[[ WORKING DATA open ]]

lemma nib_fiber_square_sum_rec:
  assumes "finite A" "card A \<ge> 2"
  defines "n \<equiv> real (card A)"
  shows "nib_fiber_square_sum A = (\<Sum>x\<in>A. nib_fiber_square_sum (A - {x})) + 6 - 2 * n"
proof -
  have "A \<noteq> {}" using assms(2) by auto
  define increment where "increment x =
    (if x = Max A then (2 * (n - 1) + 1) + (n - 2) * (2 * (n - 1) - 3) else 1 - 2 * (n - 1))" for x
  have "(\<Sum>\<tau>\<in>permutations_of_set (A - {x}). real (nib_fiber_size (\<tau> @ [x]))^2) =
        nib_fiber_square_sum (A - {x}) + increment x" if "x \<in> A" for x
  proof -
    have card: "card (A - {x}) = card A - 1" using that assms(1) by simp
    then have "A - {x} \<noteq> {}" using assms(2) by (intro notI) simp
    moreover have card_real: "real (card (A - {x})) = n - 1"
      using card assms(2) by (simp add: n_def of_nat_diff)
    ultimately have "(\<Sum>\<tau>\<in>permutations_of_set (A - {x}).
        real (nib_fiber_size (\<tau> @ [x]))^2 - real (nib_fiber_size \<tau>)^2) = increment x"
      using sum_nib_fiber_size_snoc_increment[of "A - {x}" x] assms(1)
      unfolding card_real Max_remove_less_iff[OF assms(1) that \<open>A - {x} \<noteq> {}\<close>]
      by (simp add: increment_def algebra_simps)
    then show ?thesis by (simp add: nib_fiber_square_sum_def sum_subtractf)
  qed
  then have "nib_fiber_square_sum A =
      (\<Sum>x\<in>A. nib_fiber_square_sum (A - {x})) + (\<Sum>x\<in>A. increment x)"
    unfolding nib_fiber_square_sum_def
    by (simp add: sum_permutations_of_set_snoc[OF assms(1) \<open>A \<noteq> {}\<close>] sum.distrib)
  also have "(\<Sum>x\<in>A. increment x) = increment (Max A) + (n - 1) * (1 - 2 * (n - 1))"
    using assms Max_in[OF assms(1) \<open>A \<noteq> {}\<close>]
    by (simp add: sum.remove[of A "Max A"] increment_def n_def of_nat_diff)
  also have "increment (Max A) + (n - 1) * (1 - 2 * (n - 1)) = 6 - 2 * n"
    by (simp add: increment_def algebra_simps)
  finally show ?thesis by simp
qed

definition exp_partial_sum :: "nat \<Rightarrow> real" where
  "exp_partial_sum n = (\<Sum>i<n. 1 / fact i)"

lemma exp_partial_sum_Suc: "exp_partial_sum (Suc n) = exp_partial_sum n + 1 / fact n"
  by (simp add: exp_partial_sum_def)

lemma exp_partial_sum_tendsto: "exp_partial_sum \<longlonglongrightarrow> exp 1"
  using exp_converges[of "1::real"] unfolding sums_def exp_partial_sum_def[abs_def]
  by (simp add: divide_inverse)

lemma nib_fiber_square_sum_div_fact:
  assumes "finite A" "A \<noteq> {}"
  shows "nib_fiber_square_sum A / fact (card A) =
           6 * exp_partial_sum (Suc (card A)) - 2 * exp_partial_sum (card A) - 9"
  using assms
proof (induction A rule: finite_remove_induct)
  case (remove A)
  show ?case
  proof (cases "card A = 1")
    case True
    then obtain a where "A = {a}" by (auto simp: card_1_singleton_iff)
    then show ?thesis by (simp add: nib_fiber_square_sum_def exp_partial_sum_def numeral_eq_Suc)
  next
    case False
    moreover have "card A > 0" using remove.hyps(1,2) by (simp add: card_gt_0_iff)
    ultimately obtain m where m: "card A = Suc (Suc m)"
      by (metis One_nat_def less_Suc_eq_0_disj nat.exhaust not_less0)
    define d where "d = 6 * exp_partial_sum (Suc (Suc m)) - 2 * exp_partial_sum (Suc m) - 9"
    define N where "N = real (card A)"
    have N_pos: "N > 0" using m by (simp add: N_def)
    have fact_A: "fact (card A) = N * fact (Suc m)" using m by (simp add: N_def)
    have sub: "nib_fiber_square_sum (A - {x}) = fact (Suc m) * d" if "x \<in> A" for x
    proof -
      have card: "card (A - {x}) = Suc m" using that m remove.hyps(1) by simp
      then have "A - {x} \<noteq> {}" by (metis card.empty nat.distinct(1))
      then show ?thesis
        using remove.IH[OF that] card by (simp add: d_def divide_eq_eq mult.commute del: fact_Suc)
    qed
    have "nib_fiber_square_sum A = (\<Sum>x\<in>A. nib_fiber_square_sum (A - {x})) + 6 - 2 * N"
      using remove.hyps(1) m by (simp add: nib_fiber_square_sum_rec N_def)
    also have "\<dots> = N * fact (Suc m) * d + 6 - 2 * N"
      using sub by (simp add: N_def)
    finally have "nib_fiber_square_sum A / fact (card A)
        = (N * fact (Suc m) * d + 6 - 2 * N) / (N * fact (Suc m))"
      unfolding fact_A by simp
    also have "\<dots> = d + 6 / (N * fact (Suc m)) - 2 / fact (Suc m)"
      using N_pos by (simp add: field_simps del: fact_Suc)
    finally have "nib_fiber_square_sum A / fact (card A) = d + 6 / fact (card A) - 2 / fact (Suc m)"
      unfolding fact_A .
    then show ?thesis using m by (simp add: d_def exp_partial_sum_Suc del: fact_Suc)
  qed
qed simp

[[ WORKING DATA closed ]]

#### REQUIRED WORK
Above are the entries. Quote exactly the lines from the one bearing "case (remove A)" through the one bearing "ultimately obtain m".

#### WRITTEN SOLUTION
  case (remove A)
  show ?case
  proof (cases "card A = 1")
    case True
    then obtain a where "A = {a}" by (auto simp: card_1_singleton_iff)
    then show ?thesis by (simp add: nib_fiber_square_sum_def exp_partial_sum_def numeral_eq_Suc)
  next
    case False
    moreover have "card A > 0" using remove.hyps(1,2) by (simp add: card_gt_0_iff)
    ultimately obtain m where m: "card A = Suc (Suc m)"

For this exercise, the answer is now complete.